The new game seemed harmless enough – my kids, who were five and two at the time, would run and “tackle” me, and with great theatrics, I would jump sideways and land in the snow. My preference was to ooh and ahh at the snow angels all day, and with each dramatic leap, the reason for this became more clear.
After that last demoralizing landing, Nick hurried over and looked down at me with a seriously concerned, somewhat puzzled expression. He held out his hand and said, “Do you need some help getting up, Mom?” I was touched by his thoughtfulness – imagine, his 40 pounds pulling up my, well, lots more pounds -but was overcome by the realization that what I had feared was true: I’m not 18 anymore (or 20 or 25 or even – gasp! 30!), and I just couldn’t play the way I used to.
With very little grace I rolled over and pulled myself up; my neck ached and I winced as the curvature of my spine realigned itself. Apparently, Nick too was becoming familiar with my expression and posture. “Come on Elena,” he said to his sister. “Mom’s going to let us watch some TV now.”
At that time in their lives, our kids’ favourite type of play involved the whole family engaged in all-out, no-holds-barred wrestling brawls. That might not have been so bad, except that the entertainment value depended on how quickly and thoroughly mom and/or dad become twisted, tangled and injured on the floor.
Although we were somewhat concerned that this amused our kids so, we often willingly participated because little else produced the sheer delight and unabashed, guttural laughter that amused us so.
However, after each wrestling match with our smaller than average kids, my husband and I needed a good couple of hours to recover during which time we first felt sorry for ourselves, and we then felt sorry for each other.
We would reminisce about the days when we were in much better shape, and recognized the cruel irony that surely, back then, we would have been far better able to hold our own with these two small, yet exceptionally strong children.
It was time to admit it: we were aging, and judging by our bodies’ reactions to these physically insulting incidents, we weren’t doing it well. Although the realization had been lurking for a while, my Moment Of Truth came as I lay in the snow that day. My husband wasn’t quite so lucky: he was high up in a tree cutting the gnarled, dead branches away. This seemingly simple task was going well until he realized that, after spending a great deal of energy to climb the tree, he was left with none for his decent.
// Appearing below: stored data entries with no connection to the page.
lemma map_pmf_pair_Pi_pmf:
  assumes "finite A"
  shows "map_pmf (\<lambda>(f, g) k. if k \<in> A then h k (f k) (g k) else dflt)
           (pair_pmf (Pi_pmf A a p) (Pi_pmf A b q))
         = Pi_pmf A dflt (\<lambda>k. map_pmf (\<lambda>(x, y). h k x y) (pair_pmf (p k) (q k)))"
proof -
  have "map_pmf (\<lambda>(f, g) k. if k \<in> A then h k (f k) (g k) else dflt)
          (pair_pmf (Pi_pmf A a p) (Pi_pmf A b q))
      = map_pmf (\<lambda>C k. if k \<in> A then (\<lambda>(x, y). h k x y) (C k) else dflt)
          (map_pmf (\<lambda>(f, g) k. (f k, g k)) (pair_pmf (Pi_pmf A a p) (Pi_pmf A b q)))"
    by (auto simp: pmf.map_comp o_def case_prod_unfold fun_eq_iff intro!: map_pmf_cong)
  also have "\<dots> = Pi_pmf A dflt (\<lambda>k. map_pmf (\<lambda>(x, y). h k x y) (pair_pmf (p k) (q k)))"
    unfolding Pi_pmf_pair[OF assms] by (rule Pi_pmf_map_indexed[OF assms])
  finally show ?thesis .
qed

lemma Pi_pmf_column_sums:
  fixes n d :: nat
  shows "map_pmf (\<lambda>X k. \<Sum>i<n. X (i, k)) (Pi_pmf ({..<n} \<times> {..<d}) 0 (\<lambda>_. p))
   = Pi_pmf {..<d} 0 (\<lambda>_. map_pmf (\<lambda>g. \<Sum>i<n. g i) (Pi_pmf {..<n} 0 (\<lambda>_. p)))"
proof -
  let ?P = "Pi_pmf ({..<n} \<times> {..<d}) 0 (\<lambda>_. p)"
  have "map_pmf (\<lambda>X k. \<Sum>i<n. X (i, k)) ?P
      = map_pmf (\<lambda>F k. if k \<in> {..<d} then (\<lambda>g. \<Sum>i<n. g i) (F k) else 0)
          (map_pmf (\<lambda>X k i. X (i, k)) ?P)"
    unfolding pmf.map_comp o_def
  proof (intro map_pmf_cong refl ext)
    fix X k
    assume "X \<in> set_pmf ?P"
    moreover have "set_pmf ?P \<subseteq> {f. \<forall>x. x \<notin> {..<n} \<times> {..<d} \<longrightarrow> f x = 0}"
      by (rule set_Pi_pmf_subset) simp
    ultimately have "\<forall>x. x \<notin> {..<n} \<times> {..<d} \<longrightarrow> X x = 0"
      by blast
    then show "(\<Sum>i<n. X (i, k)) = (if k \<in> {..<d} then \<Sum>i<n. X (i, k) else 0)"
      by auto
  qed
  also have "\<dots> = Pi_pmf {..<d} 0 (\<lambda>_. map_pmf (\<lambda>g. \<Sum>i<n. g i) (Pi_pmf {..<n} 0 (\<lambda>_. p)))"
    by (subst Pi_pmf_Times_curry; (rule Pi_pmf_map_indexed)?; simp)
  finally show ?thesis .
qed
Nick, who had recently mastered the monkey bars, shouted advice and encouragement from the ground. Elena, who had been scaling the back of the couch, precariously teetering on the top, and sliding down the front, pointed toward the ground and said sternly, “Daddy down!”
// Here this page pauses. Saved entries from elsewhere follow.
lemma Phi_iter_close:
  "decay_class eps A (iter n) (iter_limit n) \<and>
   exp_close (iter n) (iter_limit n) (iter (Suc n)) (iter_limit (Suc n)) (2*A*(1/2)^n)"
proof (induction n)
  case 0
  have "decay_class eps A (iter 0) (iter_limit 0)" unfolding decay_class_def using A by auto
  then show ?case using decay_class_exp_close Phi_preserves_decay_class by simp
next
  case (Suc n)
  then have u: "decay_class eps A (iter n) (iter_limit n)"
    and close: "exp_close (iter n) (iter_limit n) (iter (Suc n)) (iter_limit (Suc n)) (2*A*(1/2)^n)"
    by auto
  have u': "decay_class eps A (iter (Suc n)) (iter_limit (Suc n))"
    using Phi_preserves_decay_class[OF u] by simp
  have "exp_close (iter (Suc n)) (iter_limit (Suc n)) (iter (Suc (Suc n))) (iter_limit (Suc (Suc n)))
      (2*A*(1/2)^n / 2)"
    using Phi_halves_exp_close[OF u u' close] by simp
  then show ?case using u' by (simp add: mult_ac)
qed

lemma fixed_point_limit:
  assumes "decay_class eps A U L" "\<And>y. y \<ge> 0 \<Longrightarrow> Phi c eps U y = U y"
  shows "Phi_limit c eps U = L"
proof (rule decay_class_limit_unique)
  show "decay_class eps A (Phi c eps U) (Phi_limit c eps U)" by (rule Phi_preserves_decay_class[OF assms(1)])
  show "decay_class eps A (Phi c eps U) L" by (rule decay_class_cong[OF assms(1)]) (simp add: assms(2))
qed

lemma fixed_point_exists:
  obtains U L where "decay_class eps A U L" "\<And>y. y \<ge> 0 \<Longrightarrow> Phi c eps U y = U y"
proof -
  obtain U L where U: "decay_class eps A U L"
    and close: "\<And>n. exp_close (iter n) (iter_limit n) U L (2*(2*A)*(1/2)^n)"
    using exp_close_sequence_limit[of eps A iter iter_limit "2*A"] Phi_iter_close by blast
  have "exp_close U L (Phi c eps U) (Phi_limit c eps U) (4*A*(1/2)^n)" for n
  proof -
    have "exp_close U L (iter (Suc n)) (iter_limit (Suc n)) (4*A*(1/2)^Suc n)"
      using exp_close_sym[OF close[of "Suc n"]] by (simp add: mult_ac)
    moreover have "exp_close (iter (Suc n)) (iter_limit (Suc n)) (Phi c eps U) (Phi_limit c eps U) (2*A*(1/2)^n)"
      using Phi_halves_exp_close[OF _ U close[of n]] Phi_iter_close by (simp add: mult_ac)
    ultimately show ?thesis
      by (auto dest: exp_close_trans simp: mult_ac)
  qed
  then have "Phi c eps U y = U y" if "y \<ge> 0" for y
    using exp_close_half_powers_imp_eq(2) that by metis
  then show ?thesis using that U by blast
qed

lemma fixed_point_unique:
  assumes U: "decay_class eps A U L" "\<And>y. y \<ge> 0 \<Longrightarrow> Phi c eps U y = U y"
    and V: "decay_class eps A V M" "\<And>y. y \<ge> 0 \<Longrightarrow> Phi c eps V y = V y"
    and y: "y \<ge> 0"
  shows "U y = V y"
proof -
  have "exp_close U L V M (2*A*(1/2)^n)" for n
  proof (induction n)
    case 0
    show ?case using decay_class_exp_close[OF U(1) V(1)] by simp
  next
    case (Suc n)
    have "exp_close (Phi c eps U) (Phi_limit c eps U) (Phi c eps V) (Phi_limit c eps V) (2*A*(1/2)^n / 2)"
      by (rule Phi_halves_exp_close[OF U(1) V(1) Suc])
    then show ?case
      using fixed_point_limit[OF U] fixed_point_limit[OF V] U(2) V(2)
      by (auto elim: exp_close_cong simp: mult_ac)
  qed
  then show ?thesis by (rule exp_close_half_powers_imp_eq(2)[OF _ y])
qed

end

section \<open>Fixed points and solutions\<close>

context small_data
begin

lemma Phi_derivatives:
  assumes "decay_class eps A u L"
  defines "F \<equiv> bounded_solution c (nonlinearity u)" and "H \<equiv> 12 * R^3 * A + 2 * R^4"
  shows "\<And>y. y \<ge> 0 \<Longrightarrow> (Phi c eps u has_real_derivative F y) (at y within {0..})"
    and "\<And>y. y \<ge> 0 \<Longrightarrow> (F has_real_derivative c * F y + nonlinearity u y) (at y within {0..})"
    and "\<And>y. y \<ge> 0 \<Longrightarrow> \<bar>F y\<bar> \<le> 2*H"
    and "\<And>y. y \<ge> 0 \<Longrightarrow> \<bar>c * F y + nonlinearity u y\<bar> \<le> c * (2*H) + H"
    and "continuous_on {0..} (\<lambda>y. c * F y + nonlinearity u y)"
proof -
  have h: "decays_exp_half (nonlinearity u) H" unfolding H_def by (rule nonlinearity_decays[OF assms(1) R])
  then show "continuous_on {0..} (\<lambda>y. c * F y + nonlinearity u y)"
    using continuous_on_bounded_solution[OF h] c unfolding F_def decays_exp_half_def
    by (intro continuous_intros) auto
  fix y :: real assume "y \<ge> 0"
  then show "(Phi c eps u has_real_derivative F y) (at y within {0..})"
    "(F has_real_derivative c * F y + nonlinearity u y) (at y within {0..})"
    "\<bar>F y\<bar> \<le> 2*H" "\<bar>c * F y + nonlinearity u y\<bar> \<le> c * (2*H) + H"
    unfolding F_def using c Phi_has_derivative[OF h] bounded_solution_has_derivative[OF h]
      abs_bounded_solution_le_const[OF h] abs_bounded_solution_derivative_le[OF h] by simp_all
qed

lemma fixed_point_second_derivative_holder:
  assumes U: "decay_class eps A U L" "\<And>y. y \<ge> 0 \<Longrightarrow> Phi c eps U y = U y"
  defines "F \<equiv> bounded_solution c (nonlinearity U)"
  shows "\<exists>K. \<forall>x\<ge>0. \<forall>y\<ge>0.
    \<bar>(c * F x + nonlinearity U x) - (c * F y + nonlinearity U y)\<bar> \<le> K * sqrt \<bar>x - y\<bar>"
proof -
  define H where "H = 12 * R^3 * A + 2 * R^4"
  note d = Phi_derivatives[OF U(1), folded F_def H_def]
  have UR: "\<bar>U y\<bar> \<le> R" if "y \<ge> 0" for y using decay_class_abs_le[OF U(1) that] R by simp
  have dU: "(U has_real_derivative F y) (at y within {0..})" if "y \<ge> 0" for y
    using d(1)[OF that] by (rule has_field_derivative_transform_within[where d=1]) (use that U(2) in auto)
  have "\<exists>K. \<forall>x\<ge>0. \<forall>y\<ge>0. \<bar>F x - F y\<bar> \<le> K * sqrt \<bar>x - y\<bar>"
    by (rule bounded_derivative_imp_holder_half[OF d(2) d(4) d(3)])
  then obtain K1 where K1: "\<And>x y. x \<ge> 0 \<Longrightarrow> y \<ge> 0 \<Longrightarrow> \<bar>F x - F y\<bar> \<le> K1 * sqrt \<bar>x - y\<bar>"
    by blast
  have dU4: "((\<lambda>y. U y ^ 4) has_real_derivative 4 * U y ^ 3 * F y) (at y within {0..})" if "y \<ge> 0" for y
    using dU[OF that] by (auto intro!: derivative_eq_intros)
  have "\<bar>4 * U y ^ 3 * F y\<bar> \<le> 4 * (R^3 * (2*H))" if "y \<ge> 0" for y
  proof -
    have "R \<ge> 0" using decay_class_nonneg[OF U(1)] R by simp
    then have "\<bar>U y ^ 3 * F y\<bar> \<le> R^3 * (2*H)"
      unfolding abs_mult power_abs using UR[OF that] d(3)[OF that] by (intro mult_mono power_mono) auto
    then show ?thesis by (simp add: abs_mult mult_ac)
  qed
  then have "\<exists>K. \<forall>x\<ge>0. \<forall>y\<ge>0. \<bar>U x ^ 4 - U y ^ 4\<bar> \<le> K * sqrt \<bar>x - y\<bar>"
    using abs_pow4_le[OF UR] by (intro bounded_derivative_imp_holder_half[OF dU4])
  then obtain K2 where K2: "\<And>x y. x \<ge> 0 \<Longrightarrow> y \<ge> 0 \<Longrightarrow> \<bar>U x ^ 4 - U y ^ 4\<bar> \<le> K2 * sqrt \<bar>x - y\<bar>"
    by blast
  have K3: "\<bar>conv_E (\<lambda>\<eta>. U \<eta> ^ 4) x - conv_E (\<lambda>\<eta>. U \<eta> ^ 4) y\<bar> \<le> R^4 * (3 * sqrt 2) * sqrt \<bar>x - y\<bar>" for x y
    using U(1) unfolding decay_class_def by (intro conv_E_holder half_line_measurable_pow4 abs_pow4_le UR) auto
  have "\<bar>(c * F x + nonlinearity U x) - (c * F y + nonlinearity U y)\<bar>
      \<le> (c * K1 + K2 + R^4 * (3 * sqrt 2)) * sqrt \<bar>x - y\<bar>" if "x \<ge> 0" "y \<ge> 0" for x y
  proof -
    have "\<bar>c * F x - c * F y\<bar> \<le> c * (K1 * sqrt \<bar>x - y\<bar>)"
      using K1[OF that] c by (simp add: abs_mult mult_left_mono flip: right_diff_distrib)
    then show ?thesis
      using K2[OF that] K3[of x y] unfolding nonlinearity_def by (simp add: algebra_simps) linarith
  qed
  then show ?thesis by blast
qed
And I, feeling completely sympathetic, hoped that there would be something on TV to lure the kids away from this potentially traumatic situation.
For my part, I had just assumed that the physical demands of caring for two small children would provide the fitness regime necessary to restore my aging body to its pre pregnancy physical condition. But I also believed that each time I gave my then two-year-old daughter grape juice in the living room, each time would be different from the last.
When it became painfully obvious that there were limits when playing with our kids we made some adjustments. When Nick would swing effortlessly across the monkey bars, and Elena would perform a nicely tucked summersault, we would dutifully assume the “spotter” position to ensure that each leap, climb or roll was safely executed.
And although we wistfully remember that we, too, were once able to leap, climb and roll, the memories are bittersweet: the pain and suffering we would now endure makes us reconsider our supervisory role as preferable, after all. Besides, somebody has to watch the kids.